Iris Huijben

and 5 more

Objective: The recently-introduced hypnodensity graph provides a probability distribution over sleep stages per data window (i.e. an epoch). This work explored whether this representation reveals continuities that can only be attributed to intra-and inter-rater disagreement of expert scorings, or also to co-occurrence of sleep stage-dependent features within one epoch. Approach: We proposed a simplified model for time series like the ones measured during sleep, and a second model to describe the annotation process by an expert. Generating data according to these models, enabled controlled experiments to investigate the interpretation of the hypnodensity graph. Moreover, the influence of both the supervised training strategy, and the used softmax non-linearity were investigated.
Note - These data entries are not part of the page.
lemma dist_Ints_cong: "x - y \<in> \<int> \<Longrightarrow> dist_Ints x = dist_Ints y"
proof -
  assume "x - y \<in> \<int>"
  then obtain k where k: "x = y + of_int k" by (metis Ints_cases add.commute diff_add_cancel)
  have "dist_Ints x \<le> dist_Ints y"
    using dist_Ints_le[of x "round y + k"] unfolding dist_Ints_def k by (simp add: algebra_simps)
  moreover have "dist_Ints y \<le> dist_Ints x"
    using dist_Ints_le[of y "round x - k"] unfolding dist_Ints_def k by (simp add: algebra_simps)
  ultimately show ?thesis by simp
qed

lemma dist_Ints_minus: "dist_Ints (- x) = dist_Ints x"
proof -
  have "dist_Ints (- x) \<le> dist_Ints x"
    using dist_Ints_le[of "- x" "- round x"] by (simp add: dist_Ints_def abs_minus_commute)
  moreover have "dist_Ints x \<le> dist_Ints (- x)"
    using dist_Ints_le[of x "- round (- x)"] by (simp add: dist_Ints_def abs_minus_commute)
  ultimately show ?thesis by simp
qed

lemma dist_Ints_eq_abs: "\<bar>x\<bar> \<le> 1/2 \<Longrightarrow> dist_Ints x = \<bar>x\<bar>"
proof (rule antisym)
  show "dist_Ints x \<le> \<bar>x\<bar>" using dist_Ints_le[of x 0] by simp
  assume x: "\<bar>x\<bar> \<le> 1/2"
  have "\<bar>x\<bar> \<le> \<bar>x - of_int k\<bar>" for k :: int
  proof (cases "k = 0")
    case False
    then have "\<bar>of_int k :: real\<bar> \<ge> 1" by linarith
    then show ?thesis using x by linarith
  qed simp
  then show "\<bar>x\<bar> \<le> dist_Ints x" unfolding dist_Ints_def by blast
qed
lemma summand_sum_eq_catalan_coeff:
  assumes "2 \<le> m" "even (n + m)"
  shows "summand_sum n m = catalan_coeff n * catalan_coeff m"
  using assms(2)
proof (induction n rule: nat_induct2)
  case 0
  then show ?case using summand_sum_0 assms(1) by simp
next
  case 1
  then have "odd m" "3 \<le> m" using assms(1) by presburger+
  then show ?case using summand_sum_1[of m] by (simp add: catalan_coeff_def)
next
  case (step k)
  have rec: "(real k + 2) * catalan_coeff (k + 2) = 4 * (real k - 1) * catalan_coeff k"
    using catalan_coeff_recurrence[of "Suc k"] by (simp add: algebra_simps)
  have "(real k + 2) * summand_sum (k + 2) m = 4 * (real k - 1) * summand_sum k m"
    using summand_sum_recurrence[of "Suc k" m] step.prems assms(1) by (simp add: algebra_simps)
  also have "\<dots> = 4 * (real k - 1) * catalan_coeff k * catalan_coeff m"
    using step by simp
  also have "\<dots> = (real k + 2) * (catalan_coeff (k + 2) * catalan_coeff m)"
    unfolding rec[symmetric] by (rule mult.assoc)
  finally show ?case by simp
qed

theorem corollary4p2:
  fixes n m :: nat
  assumes "n \<ge> 1" and "m \<ge> 1" and "\<not> (n = 1 \<and> m = 1)"
    and "n mod 2 = m mod 2"
  shows "(\<Sum>d = 0..min n m.
            (-1) ^ (d + 1) * (2::real) powi (2 * int d - 1)
            * ((real n + real m - 2 * real d) / (real n + real m - real d))
            * ((real n + real m - 2 * real d - 1) / (real n + real m - real d - 1))
            * multinom3 (n + m - d) (n - d) (m - d) d
            * catalan (nat (int ((n + m) div 2) - int d - 1)))
         = (if even n \<and> even m then catalan (n div 2 - 1) * catalan (m div 2 - 1) else 0)"
proof -
  have ev: "even (n + m)" using assms(4) by presburger
  have "(\<Sum>d = 0..min n m.
            (-1) ^ (d + 1) * (2::real) powi (2 * int d - 1)
            * ((real n + real m - 2 * real d) / (real n + real m - real d))
            * ((real n + real m - 2 * real d - 1) / (real n + real m - real d - 1))
            * multinom3 (n + m - d) (n - d) (m - d) d
            * catalan (nat (int ((n + m) div 2) - int d - 1)))
      = summand_sum n m"
    unfolding summand_sum_def by (intro sum.cong refl multinom3_term_eq_summand[OF ev]) simp
  also have "\<dots> = catalan_coeff n * catalan_coeff m"
  proof (cases "2 \<le> m")
    case True
    then show ?thesis using ev by (rule summand_sum_eq_catalan_coeff)
  next
    case False
    with assms have "m = 1" "2 \<le> n" by presburger+
    then show ?thesis
      using summand_sum_eq_catalan_coeff[of n 1] ev by (simp add: summand_sum_commute[of n])
  qed
  also have "\<dots> = (if even n \<and> even m then catalan (n div 2 - 1) * catalan (m div 2 - 1) else 0)"
    using assms(1,2) by (auto simp: catalan_coeff_def)
  finally show ?thesis .
qed

end
lemma beta0_eq_rho1: "1 \<le> rho_mixed F q \<Longrightarrow> rho1 q \<le> 1/2 \<Longrightarrow> beta0 F q = rho1 q"
  by (simp add: beta0_def profile_above_one profile_below_half)

lemma levi_form_beta0_nonneg:
  assumes "rho1 q < 1/1000000 \<or> rho_mixed F q < 1/1000000"
  shows "0 \<le> levi_form (beta0 F) q v"
proof -
  note hyps = rho1_nonneg rho_mixed_nonneg zero_le_power2 cderiv_rho1_bound cderiv_rho_mixed_bound
  from assms show ?thesis
  proof
    assume "rho1 q < 1/1000000"
    then show ?thesis
      unfolding levi_form_beta0 using hyps cross_sq_le by (intro beta_levi_nonneg) auto
  next
    assume "rho_mixed F q < 1/1000000"
    then show ?thesis
      unfolding levi_form_beta0 beta_levi_swap[of "rho1 q"]
      using hyps cross_sq_le[of F q] by (intro beta_levi_nonneg) (auto simp: mult.commute)
  qed
qed

lemma levi_form_beta0_le: "levi_form (beta0 F) q v \<le> 2250 * (norm v)^2"
  unfolding levi_form_beta0
  using rho1_nonneg rho_mixed_nonneg cross_sq_le cderiv_rho1_bound cderiv_rho_mixed_bound
  by (intro beta_levi_le) auto

lemma levi_form_beta0_eq_near_L1:
  "rho1 q \<le> 1/2 \<Longrightarrow> 1 \<le> rho_mixed F q \<Longrightarrow> levi_form (beta0 F) q v = 2 * (norm v)^2"
  unfolding levi_form_beta0 by (rule beta_levi_below_half_above_one)

lemma levi_form_beta0_eq_near_L2:
  "rho_mixed F q \<le> 1/2 \<Longrightarrow> 1 \<le> rho1 q \<Longrightarrow> levi_form (beta0 F) q v = 2 * (norm v)^2"
  unfolding levi_form_beta0 beta_levi_swap[of "rho1 q"] by (rule beta_levi_below_half_above_one)

definition beta :: "('n::finite) set \<Rightarrow> real \<Rightarrow> complex ^ 'n \<Rightarrow> real" where
  "beta F r z = r^2 * beta0 F (z /\<^sub>R r)"

lemma beta_has_C2_derivs:
  obtains \<beta>' \<beta>'' where "has_C2_derivs (beta F r) \<beta>' \<beta>''"
    "\<And>p v. levi_hess \<beta>'' p v = r^2 * levi_form (beta0 F) (p /\<^sub>R r) (v /\<^sub>R r)"
proof -
  obtain \<beta>' \<beta>'' where C2: "has_C2_derivs (beta0 F) \<beta>' \<beta>''"
    by (rule beta0_has_C2_derivs)
  show ?thesis
  proof (rule that)
    show "has_C2_derivs (beta F r) (\<lambda>p v. r^2 * \<beta>' (p /\<^sub>R r) (v /\<^sub>R r))
        (\<lambda>p v w. r^2 * \<beta>'' (p /\<^sub>R r) (v /\<^sub>R r) (w /\<^sub>R r))"
      unfolding beta_def[abs_def]
      by (intro has_C2_derivs_cmult has_C2_derivs_compose_linear[OF C2] bounded_linear_scaleR_right)
    show "levi_hess (\<lambda>p v w. r^2 * \<beta>'' (p /\<^sub>R r) (v /\<^sub>R r) (w /\<^sub>R r)) p v
        = r^2 * levi_form (beta0 F) (p /\<^sub>R r) (v /\<^sub>R r)" for p v
      by (simp add: levi_hess_def levi_form_eq_levi_hess[OF C2] Jmul_scaleR algebra_simps)
  qed
qed

lemma C2_on_beta: "C2_on U (beta F r)"
  by (metis beta_has_C2_derivs C2_on_if_has_C2_derivs)

lemma levi_form_beta: "levi_form (beta F r) p v = r^2 * levi_form (beta0 F) (p /\<^sub>R r) (v /\<^sub>R r)"
  by (metis beta_has_C2_derivs levi_form_eq_levi_hess)

lemma beta_nonneg: "0 \<le> beta F r z"
  unfolding beta_def by (simp add: beta0_nonneg)

lemma frechet_derivative_beta_eq_0:
  "beta F r z = 0 \<Longrightarrow> frechet_derivative (beta F r) (at z) = (\<lambda>v. 0)"
  by (metis beta_has_C2_derivs beta_nonneg frechet_derivative_eq_0_at_zero_of_nonneg)

lemma rho1_scaleR_inverse: "rho1 (z /\<^sub>R r) = rho1 z / r^2"
  by (simp add: rho1_scaleR power_inverse divide_inverse_commute)

lemma rho2_scaleR_inverse: "rho2 k (z /\<^sub>R r) = rho2 k z / r^2"
  by (simp add: rho2_eq_rho_mixed rho_mixed_scaleR power_inverse divide_inverse_commute)

lemma sqrt_less_mult_iff: "0 < r \<Longrightarrow> 0 \<le> t \<Longrightarrow> sqrt x < t * r \<longleftrightarrow> x / r^2 < t^2"
proof -
  assume "0 < r" "0 \<le> t"
  then have "sqrt x < t * r \<longleftrightarrow> sqrt x < sqrt ((t * r)^2)" by simp
  also have "\<dots> \<longleftrightarrow> x / r^2 < t^2" using \<open>0 < r\<close> by (simp add: pos_divide_less_eq power_mult_distrib)
  finally show ?thesis .
qed

lemma le_sqrt_iff_scaled: "0 < r \<Longrightarrow> r \<le> sqrt x \<longleftrightarrow> 1 \<le> x / r^2"
  using sqrt_less_mult_iff[of r 1 x] by (simp add: not_less[symmetric])

lemma less_sqrt_iff_scaled: "0 < r \<Longrightarrow> r < sqrt x \<longleftrightarrow> 1 < x / r^2"
proof -
  assume "0 < r"
  then have "sqrt (r^2) = r" by simp
  then have "r < sqrt x \<longleftrightarrow> r^2 < x" by (metis real_sqrt_less_iff)
  also have "\<dots> \<longleftrightarrow> 1 < x / r^2" using \<open>0 < r\<close> by (simp add: pos_less_divide_eq)
  finally show ?thesis .
qed

lemma norm_scaleR_inverse_sq: "r \<noteq> 0 \<Longrightarrow> r^2 * (norm (v /\<^sub>R r))^2 = (norm v)^2"
  by (simp add: power_mult_distrib power_inverse field_simps)

lemma Vset_scaled:
  assumes "0 < r" "0 \<le> D"
  shows "z \<in> Vset k (D * r) \<longleftrightarrow> rho1 (z /\<^sub>R r) < D^2 \<or> rho2 k (z /\<^sub>R r) < D^2"
  unfolding Vset_def rho1_scaleR_inverse rho2_scaleR_inverse using sqrt_less_mult_iff[OF assms] by simp
lemma has_sum_prob_joint:
  fixes W :: "'u \<Rightarrow> 'v::countable pmf"
  shows "((\<lambda>v. measure_pmf.expectation PU (\<lambda>u. pmf (W u) v * indicator S (u, v)))
           has_sum measure_pmf.prob (joint_pmf PU W) S) UNIV"
proof -
  define f where "f = (\<lambda>u v. pmf (W u) v * indicator S (u, v))"
  have integrable: "integrable (measure_pmf PU) (\<lambda>u. f u v)" for v
    unfolding f_def by (rule integrable_pmf_bounded[where B = 1]) (simp add: indicator_def pmf_le_1)
  have "(\<integral>\<^sup>+v. ennreal (measure_pmf.expectation PU (\<lambda>u. f u v)) \<partial>count_space UNIV)
        = (\<integral>\<^sup>+v. \<integral>\<^sup>+u. ennreal (f u v) \<partial>PU \<partial>count_space UNIV)"
    using integrable by (intro nn_integral_cong nn_integral_eq_integral[symmetric]) (auto simp: f_def)
  also have "\<dots> = (\<integral>\<^sup>+u. \<integral>\<^sup>+v. ennreal (f u v) \<partial>count_space UNIV \<partial>PU)"
    by (rule nn_integral_count_space_nn_integral[symmetric]) auto
  also have "\<dots> = (\<integral>\<^sup>+u. emeasure (measure_pmf (W u)) {v. (u, v) \<in> S} \<partial>PU)"
  proof (rule nn_integral_cong)
    fix u
    have "(\<integral>\<^sup>+v. ennreal (f u v) \<partial>count_space UNIV)
          = (\<integral>\<^sup>+v. ennreal (pmf (W u) v) * indicator {v. (u, v) \<in> S} v \<partial>count_space UNIV)"
      unfolding f_def by (intro nn_integral_cong) (auto simp: indicator_def)
    also have "\<dots> = (\<integral>\<^sup>+v. indicator {v. (u, v) \<in> S} v \<partial>measure_pmf (W u))"
      by (simp add: nn_integral_measure_pmf)
    finally show "(\<integral>\<^sup>+v. ennreal (f u v) \<partial>count_space UNIV) = emeasure (measure_pmf (W u)) {v. (u, v) \<in> S}"
      by simp
  qed
  also have "\<dots> = emeasure (measure_pmf (joint_pmf PU W)) S"
    unfolding joint_pmf_def by (simp add: vimage_def)
  also have "\<dots> = ennreal (measure_pmf.prob (joint_pmf PU W) S)"
    by (rule measure_pmf.emeasure_eq_measure)
  finally show ?thesis
    unfolding f_def by (simp add: has_sum_nonneg_iff_nn_integral)
qed

(* The conditional term lies in [0, 2^tau], because 2^{i(u;v)} <= 2^tau on A'_tau and the
   weights Phi_{U|V}(.|v) have total mass at most 1. *)
lemma cond_term_bounds: "0 \<le> cond_term PU W \<tau> v \<and> cond_term PU W \<tau> v \<le> 2 powr \<tau>"
proof -
  define q where "q = pmf (out_pmf PU W) v"
  define t where "t = (\<lambda>u. (pmf (joint_pmf PU W) (u, v) / q)
                        * 2 powr (info_dens PU W u v) * indicator (A_tau PU W \<tau>) (u, v))"
  have t_nonneg: "0 \<le> t u" for u
    unfolding t_def q_def by simp
  have t_le: "t u \<le> (2 powr \<tau> / q) * (pmf PU u * pmf (W u) v)" for u
  proof (cases "(u, v) \<in> A_tau PU W \<tau>")
    case True
    hence "2 powr info_dens PU W u v \<le> 2 powr \<tau>" by (simp add: A_tau_def)
    thus ?thesis
      unfolding t_def pmf_joint_pmf q_def using True
      by (simp add: mult_left_mono divide_right_mono field_simps)
  next
    case False
    thus ?thesis unfolding t_def q_def by simp
  qed
  have dominating: "((\<lambda>u. (2 powr \<tau> / q) * (pmf PU u * pmf (W u) v)) has_sum (2 powr \<tau> / q) * q) UNIV"
    unfolding q_def by (intro has_sum_cmult_right has_sum_out_pmf)
  have "(\<Sum>\<^sub>\<infinity>u. t u) \<le> (2 powr \<tau> / q) * q"
  proof (cases "t summable_on UNIV")
    case True
    thus ?thesis using dominating t_le by (intro has_sum_mono[OF has_sum_infsum]) auto
  next
    case False
    thus ?thesis by (simp add: infsum_not_exists q_def)
  qed
  also have "\<dots> \<le> 2 powr \<tau>"
    by (cases "q = 0") auto
  finally show ?thesis
    unfolding cond_term_def t_def[symmetric] q_def[symmetric] using t_nonneg by (simp add: infsum_nonneg)
qed

lemma delta'_bound: "delta' PU W M \<tau> \<le> (1/2) * sqrt (2 powr \<tau> / real M)"
proof -
  have "measure_pmf.expectation (out_pmf PU W) (\<lambda>v. sqrt (cond_term PU W \<tau> v)) \<le> sqrt (2 powr \<tau>)"
    using cond_term_bounds[of PU W \<tau>]
    by (intro measure_pmf.integral_le_const integrable_pmf_bounded[where B = "sqrt (2 powr \<tau>)"]) auto
  hence "delta' PU W M \<tau> \<le> 1 / (2 * sqrt (real M)) * sqrt (2 powr \<tau>)"
    unfolding delta'_def by (intro mult_left_mono) auto
  also have "\<dots> = (1/2) * sqrt (2 powr \<tau> / real M)"
    by (simp add: real_sqrt_divide)
  finally show ?thesis .
qed

lemma integrable_deviation_at_output:
  assumes "M \<ge> 1"
  shows "integrable (measure_pmf (codebook_pmf PU M)) (\<lambda>c. \<bar>induced_out W M c v - pmf Q v\<bar>)"
proof (rule integrable_pmf_bounded)
  fix c
  have "\<bar>induced_out W M c v\<bar> \<le> 1"
    unfolding induced_out_def using empirical_mean_bounded[OF assms, of "\<lambda>u. pmf (W u) v" 1]
    by (simp add: empirical_mean_def pmf_le_1)
  thus "\<bar>\<bar>induced_out W M c v - pmf Q v\<bar>\<bar> \<le> 2"
    using abs_triangle_ineq4[of "induced_out W M c v" "pmf Q v"] pmf_le_1[of Q v] by simp
qed
(* For any integers $k, m \ge 1$: if both $k$ and $m$ are even, then \[ 2O(k,m) = B(k,m) + B\!\left(\tfrac{k}{2}, \tfrac{m-2}{2}\right) - B\!\left(\tfrac{k}{2}, \tfrac{m}{2}\right) - B\!\left(\tfrac{k-2}{2}, \tfrac{m-2}{2}\right); \] otherwise, \[ 2O(k,m) = B(k,m) - 2B\!\left(\left\lfloor \tfrac{k}{2}\right\rfloor, \left\lfloor \tfrac{m-1}{2}\right\rfloor\right). \]
   Context: For $k \ge 1$, $m \ge 0$, $\mathcal{B}(k,m)$ is the set of binary words of length $m$ that avoid (do not contain as a not-necessarily-contiguous subsequence) every word $0^j1^{k-j}$, $j\in\{0,\dots,k\}$, and $B(k,m) = |\mathcal{B}(k,m)|$; also $B(0,m) = 0$ for all $m \ge 0$ (so $B(k,0)=1$ for $k\ge1$). For a binary word $w=w_1\cdots w_n$, $G(w)$ is the permutation of $[n]$ listing first the positions of zeros of $w$ in increasing order, then the positions of ones in increasing order; $w$ is odd if $G(w)$ has an odd number of inversions. $O(k,m)$ is the number of odd words in $\mathcal{B}(k,m)$. *)

theory Defs
  imports Main "HOL-Library.Sublist"
begin

text \<open>Binary words are lists over the alphabet {0,1} (naturals 0 and 1).
  Subsequence containment is the library's (not necessarily contiguous) subseq.\<close>

definition binwords :: "nat \<Rightarrow> nat list set" where
  "binwords m = {w. length w = m \<and> set w \<subseteq> {0,1}}"

definition forb :: "nat \<Rightarrow> nat \<Rightarrow> nat list" where
  "forb k j = replicate j 0 @ replicate (k - j) 1"

definition Bset :: "nat \<Rightarrow> nat \<Rightarrow> nat list set" where
  "Bset k m = {w \<in> binwords m. \<forall>j\<in>{0..k}. \<not> subseq (forb k j) w}"

text \<open>B(0,m) = 0 by the paper's convention.\<close>
definition B :: "nat \<Rightarrow> nat \<Rightarrow> nat" where
  "B k m = (if k = 0 then 0 else card (Bset k m))"

definition G :: "nat list \<Rightarrow> nat list" where
  "G w = filter (\<lambda>i. w ! (i - 1) = 0) [1..<length w + 1]
       @ filter (\<lambda>i. w ! (i - 1) = 1) [1..<length w + 1]"

definition inversions :: "nat list \<Rightarrow> nat" where
  "inversions p = card {(i, j). i < j \<and> j < length p \<and> p ! i > p ! j}"

definition odd_word :: "nat list \<Rightarrow> bool" where
  "odd_word w = odd (inversions (G w))"

definition Ocnt :: "nat \<Rightarrow> nat \<Rightarrow> nat" where
  "Ocnt k m = card {w \<in> Bset k m. odd_word w}"

end

theory Submission
  imports Defs "HOL-Library.Disjoint_Sets"
begin

text \<open>A word avoids all patterns 0^j 1^(k-j) iff at every cut the zeros before and the ones after
  it number fewer than k. The inversions of G(w) are the pairs of a 1 followed by a 0 in w, so
  2 O(k,m) = B(k,m) - (sum over w of (-1)^inv(w)). Cutting w into consecutive pairs (after its first letter
  when the number of ones has the parity opposite to k) and swapping the first unequal pair is a
  sign-reversing involution of the avoiding words. Its fixed points are the stutterings
  u1 u1 u2 u2 ... of shorter words u1 u2 ..., padded with at most one letter at each end, and such a
  word avoids the patterns of length k iff u avoids those of length about k/2.\<close>

lemma subseq_replicate_iff: "subseq (replicate j a) xs \<longleftrightarrow> j \<le> count_list xs a"
proof (induction xs arbitrary: j)
  case (Cons x xs)
  show ?case
  proof (cases j)
    case (Suc i)
    then show ?thesis using Cons[of i] Cons[of j] by auto
  qed simp
qed (auto dest: list_emb_Nil2)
Polysomnography recordings of 96 health sleepers (of which 11 were used as independent test set), were subsequently used to transfer conclusions to real data. Main results: A hypnodensity graph, predicted by a supervised neural classifier, represents the probability with which the sleep expert(s) assigned a label to an epoch. It thus reflects annotator behavior, and is thereby only indirectly linked to the ratio of sleep stage-dependent features in the epoch. Unsupervised training was shown to result in hypnodensity graph that were slightly less dependent on this annotation process, resulting in, on average, higher-entropy distributions over sleep stages (Hunsupervised = 0.41 vs Hsupervised = 0.29). Moreover, pre-softmax predictions were, for both training strategies, found to better reflect the ratio of sleep stage-dependent characteristics in an epoch, as compared to the postsoftmax counterparts (i.e. the hypnodensity graph). In real data, this was observed from the linear relation between pre-softmax N3 predictions and the amount of delta power. Significance: This study provides insights in, and proposes new, representations of sleep that may enhance our comprehension about sleep and sleep disorders.